text \<open>
  With \<open>h = g/2\<close>, the edges of \<open>H\<^sub>g\<close> are the pairs \<open>{a, \<rho> a}\<close> for the row rotation
  \<open>\<rho>(i, j) = (i + 1, j)\<close>, and the arcs are the pairs \<open>(a, \<nu> a)\<close> for the permutation \<open>\<nu>\<close> that
  climbs a column and wraps \<open>(i, h - 1)\<close> to \<open>(i + h, 0)\<close>. Since \<open>\<nu>\<close> is a permutation, every vertex
  has in- and out-degree 1, and since \<open>\<rho>\<close> is a permutation without cycles of length \<open>\<le> 2\<close>, every
  vertex lies on two edges. Row 0 is a cycle of length \<open>g\<close>.

  For the girth, consider the diagonal coordinates \<open>i + j\<close> and \<open>i - j\<close> modulo \<open>g\<close>: both change by
  the same \<open>\<plusminus>1\<close> along an edge, while along an arc \<open>i + j\<close> increases and \<open>i - j\<close> decreases by 1
  (for the wrap arc because \<open>2h = g\<close>). Around a cycle of length \<open>L < g\<close> the increments of each
  coordinate sum to a multiple of \<open>g\<close> of absolute value \<open>\<le> L\<close>, hence to 0; subtracting the two
  sums shows that the cycle uses no arc. It then stays in one row and lifts to a closed walk in
  \<open>\<int>\<close> with unit steps through distinct points, which forces \<open>L = 2\<close>, i.e. a repeated edge.
\<close>

section \<open>Modular arithmetic and closed walks in \<open>\<int>\<close>\<close>

lemma bij_betw_add_mod:
  fixes k m :: nat
  assumes "0 < m"
  shows "bij_betw (\<lambda>a. (a + k) mod m) {..<m} {..<m}"
proof -
  have "inj_on (\<lambda>a. (a + k) mod m) {..<m}"
  proof (rule inj_onI)
    fix a b assume "a \<in> {..<m}" "b \<in> {..<m}" "(a + k) mod m = (b + k) mod m"
    then show "a = b"
      by (metis lessThan_iff mod_less cong_add_rcancel_nat cong_def)
  qed
  moreover have "(\<lambda>a. (a + k) mod m) ` {..<m} \<subseteq> {..<m}"
    using assms by auto
  ultimately show ?thesis
    by (simp add: bij_betw_def endo_inj_surj)
qed

lemma add_mod_neq_self:
  fixes i k m :: nat
  assumes "0 < k" "k < m"
  shows "(i + k) mod m \<noteq> i mod m"
proof
  assume "(i + k) mod m = i mod m"
  then have "m dvd k"
    by (metis add_0_right cong_0_iff cong_add_lcancel_nat cong_def)
  then show False
    using assms by (auto dest: dvd_imp_le)
qed

lemma sum_lessThan_rotate:
  fixes f :: "nat \<Rightarrow> 'a::comm_monoid_add"
  assumes "0 < L"
  shows "(\<Sum>i<L. f ((i + 1) mod L)) = (\<Sum>i<L. f i)"
  using sum.reindex_bij_betw[OF bij_betw_add_mod[OF assms, of 1]] .

lemma cong_sum_cyclic_increments:
  fixes f d :: "nat \<Rightarrow> int"
  assumes "\<And>i. i < L \<Longrightarrow> [f ((i + 1) mod L) = f i + d i] (mod m)"
  shows "[(\<Sum>i<L. d i) = 0] (mod m)"
proof (cases "L = 0")
  case False
  have "[(\<Sum>i<L. d i) = (\<Sum>i<L. f ((i + 1) mod L) - f i)] (mod m)"
  proof (rule cong_sum)
    fix i assume "i \<in> {..<L}"
    then have "[f ((i + 1) mod L) - f i = f i + d i - f i] (mod m)"
      using assms cong_diff cong_refl by blast
    then show "[d i = f ((i + 1) mod L) - f i] (mod m)"
      by (simp add: cong_sym)
  qed
  also have "(\<Sum>i<L. f ((i + 1) mod L) - f i) = 0"
    using sum_lessThan_rotate[of L f] False by (simp add: sum_subtractf)
  finally show ?thesis .
qed simp

lemma cong_0_less_modulus_imp_eq_0:
  fixes s m :: int
  assumes "[s = 0] (mod m)" "\<bar>s\<bar> < m"
  shows "s = 0"
  using assms dvd_imp_le_int[of s m] by (auto simp: cong_0_iff)

lemma closed_unit_step_walk_inj_on_length:
  fixes x :: "nat \<Rightarrow> int"
  assumes "0 < L" and closed: "x L = x 0" and unit: "\<And>i. i < L \<Longrightarrow> \<bar>x (Suc i) - x i\<bar> = 1"
    and inj: "inj_on x {..<L}"
  shows "L = 2"
proof -
  obtain k where k: "k < L" "x k = Max (x ` {..<L})"
    using Max_in[of "x ` {..<L}"] \<open>0 < L\<close> by fastforce
  have top: "x i \<le> x k" if "i \<le> L" for i
    using k(2) closed that \<open>0 < L\<close> by (cases "i = L") auto
  have below: "x i = x k - 1" if "i \<le> L" "\<bar>x i - x k\<bar> = 1" for i
    using top[OF that(1)] that(2) by linarith
  have after: "x (Suc k) = x k - 1"
    using below[of "Suc k"] unit[OF k(1)] k(1) by simp
  show ?thesis
  proof (cases k)
    case 0
    have "x (L - 1) = x 1"
      using below[of "L - 1"] unit[of "L - 1"] after closed \<open>0 < L\<close> 0 by (simp add: abs_minus_commute)
    moreover have "L \<noteq> 1"
      using after closed 0 by auto
    ultimately show ?thesis
      using inj_onD[OF inj, of "L - 1" 1] \<open>0 < L\<close> by fastforce
  next
    case (Suc p)
    have before: "x p = x k - 1"
      using below[of p] unit[of p] k(1) Suc by simp
    show ?thesis
    proof (cases "Suc k = L")
      case True
      then have "p = 0"
        using inj_onD[OF inj, of p 0] before after closed k(1) Suc by simp
      then show ?thesis using True Suc by simp
    next
      case False
      then show ?thesis
        using inj_onD[OF inj, of p "Suc k"] before after k(1) Suc by simp
    qed
  qed
qed
(* Let $(X,p)$ be a complete partial metric space and $(Y,h)$ a partial metric space, and let $f,g:X\to Y$ be sequentially continuous and consistent. Suppose there are real numbers $r$, $A\ge0$ and $0<c<1$ such that for every $x\in X$ there exists $z\in X$ with $$h(f(z),g(z))-h(f(z),f(z))\le c[h(f(x),g(x))-h(f(x),f(x))],\qquad h(f(z),g(z))-h(g(z),g(z))\le c[h(f(x),g(x))-h(g(x),g(x))],$$ $$r\le p(z,z)\le p(x,z)\le r+A[h(f(x),g(x))-h(f(x),f(x))],\qquad r\le p(z,z)\le p(x,z)\le r+A[h(f(x),g(x))-h(g(x),g(x))]$$ (i.e. $f$ and $g$ are $(f,g)$-mutually $c_r$-contractive). Then $f$ and $g$ have a coincidence point, i.e. there is $a\in X$ with $f(a)=g(a)$.
   Context: A partial metric on a set $Z$ is $q:Z\times Z\to\mathbb{R}$ with, for all $x,y,z$: $q(x,x)\le q(x,y)$; $q(x,y)=q(y,x)$; $q(x,x)=q(x,y)=q(y,y)$ iff $x=y$; $q(x,y)\le q(x,z)+q(z,y)-q(z,z)$. Each partial metric space carries the topology generated by the balls $\{y\mid q(x,y)-q(x,x)<\epsilon\}$, so $a$ is a limit of $\{x_i\}$ iff for every $\epsilon>0$ there is $N$ with $q(a,x_i)-q(a,a)<\epsilon$ for all $i>N$. $\{x_i\}$ is Cauchy with central distance $r$ if for every $\epsilon>0$ there is $N$ with $|q(x_i,x_j)-r|<\epsilon$ for $i\ge j>N$; a special limit is a limit $a$ with $q(a,a)=r$; the space is complete if every Cauchy sequence has a special limit. $f:X\to Y$ is sequentially continuous if whenever $a$ is a limit of $\{x_i\}$ in $X$, $f(a)$ is a limit of $\{f(x_i)\}$ in $Y$. $f$ is consistent if for all $x,z\in X$, $p(x,x)\le p(z,z)$ implies $h(f(x),f(x))\le h(f(z),f(z))$. *)

theory Defs
  imports Main "HOL.Real"
begin

definition partial_metric :: "'a set \<Rightarrow> ('a \<Rightarrow> 'a \<Rightarrow> real) \<Rightarrow> bool" where
  "partial_metric Z q \<longleftrightarrow>
     (\<forall>x\<in>Z. \<forall>y\<in>Z. q x x \<le> q x y) \<and>
     (\<forall>x\<in>Z. \<forall>y\<in>Z. q x y = q y x) \<and>
     (\<forall>x\<in>Z. \<forall>y\<in>Z. (q x x = q x y \<and> q x y = q y y) \<longleftrightarrow> x = y) \<and>
     (\<forall>x\<in>Z. \<forall>y\<in>Z. \<forall>z\<in>Z. q x y \<le> q x z + q z y - q z z)"

definition pm_limit :: "('a \<Rightarrow> 'a \<Rightarrow> real) \<Rightarrow> 'a \<Rightarrow> (nat \<Rightarrow> 'a) \<Rightarrow> bool" where
  "pm_limit q a xs \<longleftrightarrow> (\<forall>\<epsilon>>0. \<exists>N. \<forall>i>N. q a (xs i) - q a a < \<epsilon>)"

definition pm_cauchy :: "('a \<Rightarrow> 'a \<Rightarrow> real) \<Rightarrow> (nat \<Rightarrow> 'a) \<Rightarrow> real \<Rightarrow> bool" where
  "pm_cauchy q xs r \<longleftrightarrow> (\<forall>\<epsilon>>0. \<exists>N. \<forall>i j. i \<ge> j \<and> j > N \<longrightarrow> \<bar>q (xs i) (xs j) - r\<bar> < \<epsilon>)"

definition pm_special_limit :: "('a \<Rightarrow> 'a \<Rightarrow> real) \<Rightarrow> 'a \<Rightarrow> (nat \<Rightarrow> 'a) \<Rightarrow> real \<Rightarrow> bool" where
  "pm_special_limit q a xs r \<longleftrightarrow> pm_limit q a xs \<and> q a a = r"
(* Let $n\ge 1$, $V=(\mathbb F_2)^n$, let $r\ge 1$ and let $\rho_1,\dots,\rho_r\in\mathrm{Sym}(V)$. Let $\Phi$ be the $r$-round long-key Feistel network whose encryption functions are \[ E_{(k_1,\dots,k_r)}=\bar\rho_1\sigma_{(0,k_1)}\bar\rho_2\sigma_{(0,k_2)}\cdots\bar\rho_r\sigma_{(0,k_r)},\qquad (k_1,\dots,k_r)\in V^r, \] and let $\Gamma(\Phi)=\langle E_{(k_1,\dots,k_r)}\mid (k_1,\dots,k_r)\in V^r\rangle\le \mathrm{Sym}(V\times V)$. Then \[ \langle \bar\rho_1\bar\rho_2\cdots\bar\rho_r,\ T(V\times V)\rangle \le \Gamma(\Phi). \] In particular $T(V\times V)\le\Gamma(\Phi)$.
   Context: Maps act on the right ($x\mapsto xf$) and products of maps are composed left to right ($fg$ means first $f$, then $g$); $+$ is bitwise XOR on $V$. For $\rho\in\mathrm{Sym}(V)$, the Feistel operator induced by $\rho$ is the map $\bar\rho: V\times V\to V\times V$, $(x_1,x_2)\bar\rho=(x_2,\ x_1+x_2\rho)$. For $(h,k)\in V\times V$, $\sigma_{(h,k)}:V\times V\to V\times V$ is defined by $(x_1,x_2)\sigma_{(h,k)}=(x_1+k,\ x_2+h)$, and $T(V\times V)=\{\sigma_{(h,k)}\mid (h,k)\in V\times V\}$. *)

theory Defs
  imports "HOL-Analysis.Analysis" "HOL-Library.Z2" "HOL-Algebra.Bij" "HOL-Algebra.Generated_Groups"
begin

text \<open>V = (F_2)^n is modelled as bit ^ 'n for a finite index type 'n (so n >= 1);
  addition on bit ^ 'n is componentwise addition in F_2, i.e. bitwise XOR.
  Maps are HOL functions; the paper's left-to-right product f g (first f, then g)
  is the HOL composition g o f.\<close>

definition feistel :: "(bit ^ 'n \<Rightarrow> bit ^ 'n) \<Rightarrow> (bit ^ 'n) \<times> (bit ^ 'n) \<Rightarrow> (bit ^ 'n) \<times> (bit ^ 'n)"
  where "feistel \<rho> = (\<lambda>(x1, x2). (x2, x1 + \<rho> x2))"

definition sigma :: "(bit ^ 'n) \<times> (bit ^ 'n) \<Rightarrow> (bit ^ 'n) \<times> (bit ^ 'n) \<Rightarrow> (bit ^ 'n) \<times> (bit ^ 'n)"
  where "sigma hk = (\<lambda>(x1, x2). (x1 + snd hk, x2 + fst hk))"

definition transl_group :: "((bit ^ 'n) \<times> (bit ^ 'n) \<Rightarrow> (bit ^ 'n) \<times> (bit ^ 'n)) set"
  where "transl_group = {sigma hk | hk. True}"

definition enc :: "(bit ^ 'n \<Rightarrow> bit ^ 'n) list \<Rightarrow> (bit ^ 'n) list
    \<Rightarrow> (bit ^ 'n) \<times> (bit ^ 'n) \<Rightarrow> (bit ^ 'n) \<times> (bit ^ 'n)"
  where "enc rhos ks = fold (\<lambda>(\<rho>, k) acc. sigma (0, k) \<circ> feistel \<rho> \<circ> acc) (zip rhos ks) id"

definition feistel_prod :: "(bit ^ 'n \<Rightarrow> bit ^ 'n) list \<Rightarrow> (bit ^ 'n) \<times> (bit ^ 'n) \<Rightarrow> (bit ^ 'n) \<times> (bit ^ 'n)"
  where "feistel_prod rhos = fold (\<lambda>\<rho> acc. feistel \<rho> \<circ> acc) rhos id"

definition Gamma :: "(bit ^ 'n \<Rightarrow> bit ^ 'n) list \<Rightarrow> ((bit ^ 'n) \<times> (bit ^ 'n) \<Rightarrow> (bit ^ 'n) \<times> (bit ^ 'n)) set"
  where "Gamma rhos = generate (BijGroup UNIV) {enc rhos ks | ks. length ks = length rhos}"

end

theory Submission
  imports Defs
begin

text \<open>Write maps on the right and let \<open>P\<close> be the product of the \<open>r\<close> Feistel operators. With all
  round keys zero the encryption function is \<open>P\<close>, so \<open>P \<in> \<Gamma>(\<Phi>)\<close>. A single key \<open>k\<close> in the
  last round gives \<open>P \<sigma>(0,k)\<close>, and a single key \<open>k\<close> in the round before the last gives
  \<open>P \<sigma>(k,0)\<close>, because \<open>\<sigma>(0,k) F = F \<sigma>(k,0)\<close> for every Feistel operator \<open>F\<close>; for a single
  round this identity reads \<open>P \<sigma>(k,0) = \<sigma>(0,k) P\<close> instead. Cancelling \<open>P\<close> puts both kinds
  of translations into \<open>\<Gamma>(\<Phi>)\<close>, and together they generate \<open>T(V \<times> V)\<close>.\<close>

lemma carrier_BijGroup_UNIV: "carrier (BijGroup UNIV) = {f. bij f}"
  by (auto simp: BijGroup_def Bij_def)

lemma mult_BijGroup_UNIV:
  "bij f \<Longrightarrow> bij g \<Longrightarrow> f \<otimes>\<^bsub>BijGroup UNIV\<^esub> g = f \<circ> g"
  by (simp add: BijGroup_def compose_def Bij_def restrict_def comp_def)

lemma subgroup_BijGroup_UNIV_comp_closed:
  assumes "subgroup H (BijGroup UNIV)" and "f \<in> H" and "g \<in> H"
  shows "f \<circ> g \<in> H"
proof -
  have "bij f" "bij g"
    using assms subgroup.subset[OF assms(1)] by (auto simp: carrier_BijGroup_UNIV)
  then show ?thesis
    using subgroup.m_closed[OF assms] by (simp add: mult_BijGroup_UNIV)
qed

lemma subgroup_BijGroup_UNIV_cancel_right:
  assumes H: "subgroup H (BijGroup UNIV)" and "bij f" and "g \<in> H" and "f \<circ> g \<in> H"
  shows "f \<in> H"
proof -
  interpret group "BijGroup UNIV" by (rule group_BijGroup)
  have f: "f \<in> carrier (BijGroup UNIV)" and g: "g \<in> carrier (BijGroup UNIV)"
    using assms subgroup.subset[OF H] by (auto simp: carrier_BijGroup_UNIV)
  then have "f \<otimes>\<^bsub>BijGroup UNIV\<^esub> g \<in> H"
    using \<open>f \<circ> g \<in> H\<close> by (simp add: carrier_BijGroup_UNIV mult_BijGroup_UNIV)
  then have "(f \<otimes>\<^bsub>BijGroup UNIV\<^esub> g) \<otimes>\<^bsub>BijGroup UNIV\<^esub> inv\<^bsub>BijGroup UNIV\<^esub> g \<in> H"
    using \<open>g \<in> H\<close> H by (simp add: subgroup.m_closed subgroup.m_inv_closed)
  then show ?thesis
    using f g by (simp add: m_assoc)
qed

lemma bij_feistel: "bij (feistel \<rho>)"
proof (rule o_bij)
  show "(\<lambda>(y1, y2). (y2 + \<rho> y1, y1)) \<circ> feistel \<rho> = id"
    by (auto simp: feistel_def fun_eq_iff add.assoc vec_eq_iff)
  show "feistel \<rho> \<circ> (\<lambda>(y1, y2). (y2 + \<rho> y1, y1)) = id"
    by (auto simp: feistel_def fun_eq_iff add.assoc vec_eq_iff)
qed

lemma bij_sigma: "bij (sigma hk)"
  by (rule o_bij[where g = "sigma hk"]) (auto simp: sigma_def fun_eq_iff add.assoc vec_eq_iff)

lemma sigma_zero: "sigma (0, 0) = id"
  by (auto simp: sigma_def fun_eq_iff)

lemma sigma_decompose: "sigma (h, k) = sigma (h, 0) \<circ> sigma (0, k)"
  by (auto simp: sigma_def fun_eq_iff)

lemma sigma_comp_feistel: "sigma (k, 0) \<circ> feistel \<rho> = feistel \<rho> \<circ> sigma (0, k)"
  by (auto simp: sigma_def feistel_def fun_eq_iff add_ac)

lemma fold_round_comp:
  fixes acc :: "(bit ^ 'n) \<times> (bit ^ 'n) \<Rightarrow> (bit ^ 'n) \<times> (bit ^ 'n)"
  shows "fold (\<lambda>(\<rho>, k) acc. sigma (0, k) \<circ> feistel \<rho> \<circ> acc) xs acc
     = fold (\<lambda>(\<rho>, k) acc. sigma (0, k) \<circ> feistel \<rho> \<circ> acc) xs id \<circ> acc"
proof (induction xs arbitrary: acc)
  case (Cons x xs)
  obtain \<rho> k where x: "x = (\<rho>, k)" by fastforce
  show ?case
    using Cons.IH[of "sigma (0, k) \<circ> feistel \<rho> \<circ> acc"] Cons.IH[of "sigma (0, k) \<circ> feistel \<rho>"]
    by (simp add: x comp_assoc)
qed simp

lemma enc_append:
  "length rs = length ks \<Longrightarrow> enc (rs @ rs') (ks @ ks') = enc rs' ks' \<circ> enc rs ks"
  unfolding enc_def by (simp flip: fold_round_comp)

lemma enc_Nil: "enc [] ks = id"
  by (simp add: enc_def)

lemma enc_Cons: "enc (\<rho> # rhos) (k # ks) = enc rhos ks \<circ> sigma (0, k) \<circ> feistel \<rho>"
  using enc_append[of "[\<rho>]" "[k]" rhos ks] by (simp add: enc_def comp_assoc)

lemma enc_zero_keys: "enc rhos (replicate (length rhos) 0) = feistel_prod rhos"
proof (induction rhos rule: rev_induct)
  case (snoc \<rho> rhos)
  have "enc (rhos @ [\<rho>]) (replicate (length rhos) 0 @ [0]) = feistel \<rho> \<circ> feistel_prod rhos"
    by (simp add: enc_append enc_Cons enc_Nil sigma_zero snoc)
  then show ?case
    by (simp add: replicate_append_same feistel_prod_def)
qed (simp add: enc_Nil feistel_prod_def)

lemma bij_enc: "bij (enc rhos ks)"
proof (induction rhos arbitrary: ks)
  case (Cons \<rho> rhos)
  note IH = Cons.IH
  show ?case
  proof (cases ks)
    case Nil
    then show ?thesis
      using bij_id by (simp add: enc_def id_def)
  next
    case (Cons k ks')
    show ?thesis
      unfolding Cons enc_Cons by (intro bij_comp bij_sigma bij_feistel IH)
  qed
qed (simp add: enc_Nil)

lemma subgroup_Gamma: "subgroup (Gamma rhos) (BijGroup UNIV)"
  unfolding Gamma_def
  by (rule group.generate_is_subgroup[OF group_BijGroup])
    (auto simp: carrier_BijGroup_UNIV bij_enc)

lemma enc_in_Gamma: "length ks = length rhos \<Longrightarrow> enc rhos ks \<in> Gamma rhos"
  unfolding Gamma_def by (rule generate.incl) blast

lemma feistel_prod_in_Gamma: "feistel_prod rhos \<in> Gamma rhos"
  using enc_in_Gamma[of "replicate (length rhos) 0" rhos] by (simp add: enc_zero_keys)

lemma sigma_zero_key_in_Gamma:
  assumes "rhos \<noteq> []"
  shows "sigma (0, k) \<in> Gamma rhos"
proof (rule subgroup_BijGroup_UNIV_cancel_right[OF subgroup_Gamma bij_sigma feistel_prod_in_Gamma])
  obtain rs \<rho> where rhos: "rhos = rs @ [\<rho>]"
    using assms rev_exhaust by blast
  have "sigma (0, k) \<circ> feistel_prod rhos = enc rhos (replicate (length rs) 0 @ [k])"
    by (simp add: rhos enc_append enc_Cons enc_Nil enc_zero_keys feistel_prod_def comp_assoc)
  then show "sigma (0, k) \<circ> feistel_prod rhos \<in> Gamma rhos"
    by (simp add: rhos enc_in_Gamma)
qed

lemma sigma_key_zero_in_Gamma:
  assumes "rhos \<noteq> []"
  shows "sigma (k, 0) \<in> Gamma rhos"
proof (rule subgroup_BijGroup_UNIV_cancel_right[OF subgroup_Gamma bij_sigma feistel_prod_in_Gamma])
  obtain rs \<rho> where rhos: "rhos = rs @ [\<rho>]"
    using assms rev_exhaust by blast
  have shift: "sigma (k, 0) \<circ> feistel_prod rhos = feistel \<rho> \<circ> sigma (0, k) \<circ> feistel_prod rs"
    by (simp add: rhos feistel_prod_def sigma_comp_feistel flip: comp_assoc)
  show "sigma (k, 0) \<circ> feistel_prod rhos \<in> Gamma rhos"
  proof (cases rs rule: rev_exhaust)
    case Nil
    then have "sigma (k, 0) \<circ> feistel_prod rhos = feistel_prod rhos \<circ> sigma (0, k)"
      using shift by (simp add: rhos feistel_prod_def)
    then show ?thesis
      using subgroup_BijGroup_UNIV_comp_closed[OF subgroup_Gamma feistel_prod_in_Gamma
          sigma_zero_key_in_Gamma[OF assms]] by simp
  next
    case (snoc rs' \<rho>')
    have "enc rhos (replicate (length rs') 0 @ [k, 0]) = feistel \<rho> \<circ> sigma (0, k) \<circ> feistel_prod rs"
      by (simp add: rhos snoc enc_append enc_Cons enc_Nil enc_zero_keys sigma_zero
          feistel_prod_def comp_assoc)
    moreover have "enc rhos (replicate (length rs') 0 @ [k, 0]) \<in> Gamma rhos"
      by (rule enc_in_Gamma) (simp add: rhos snoc)
    ultimately show ?thesis
      by (simp only: shift)
  qed
qed

lemma transl_group_subset_Gamma: "rhos \<noteq> [] \<Longrightarrow> transl_group \<subseteq> Gamma rhos"
  unfolding transl_group_def
  using subgroup_BijGroup_UNIV_comp_closed[OF subgroup_Gamma sigma_key_zero_in_Gamma
      sigma_zero_key_in_Gamma]
  by (force simp flip: sigma_decompose)

theorem lemma4p1:
  fixes rhos :: "(bit ^ 'n \<Rightarrow> bit ^ 'n) list"
  assumes "length rhos \<ge> 1"
    and "\<forall>\<rho> \<in> set rhos. bij \<rho>"
  shows "generate (BijGroup UNIV) (insert (feistel_prod rhos) transl_group) \<subseteq> Gamma rhos
         \<and> transl_group \<subseteq> Gamma rhos"
proof -
  have "rhos \<noteq> []"
    using assms(1) by auto
  then have T: "transl_group \<subseteq> Gamma rhos"
    by (rule transl_group_subset_Gamma)
  moreover have "generate (BijGroup UNIV) (insert (feistel_prod rhos) transl_group) \<subseteq> Gamma rhos"
    by (rule group.generate_subgroup_incl[OF group_BijGroup _ subgroup_Gamma])
      (simp add: T feistel_prod_in_Gamma)
  ultimately show ?thesis
    by blast
qed

end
+ + + +
EXERCISE BRIEF -
Copy out each line in the preceding records that contains "assms".

SOLUTION FOR THIS TASK -
    using assms by auto
    using assms by (auto dest: dvd_imp_le)
  using sum.reindex_bij_betw[OF bij_betw_add_mod[OF assms, of 1]] .
      using assms cong_diff cong_refl by blast
  using assms dvd_imp_le_int[of s m] by (auto simp: cong_0_iff)
    using assms subgroup.subset[OF assms(1)] by (auto simp: carrier_BijGroup_UNIV)
    using subgroup.m_closed[OF assms] by (simp add: mult_BijGroup_UNIV)
    using assms subgroup.subset[OF H] by (auto simp: carrier_BijGroup_UNIV)
    using assms rev_exhaust by blast
    using assms rev_exhaust by blast
          sigma_zero_key_in_Gamma[OF assms]] by simp
    using assms(1) by auto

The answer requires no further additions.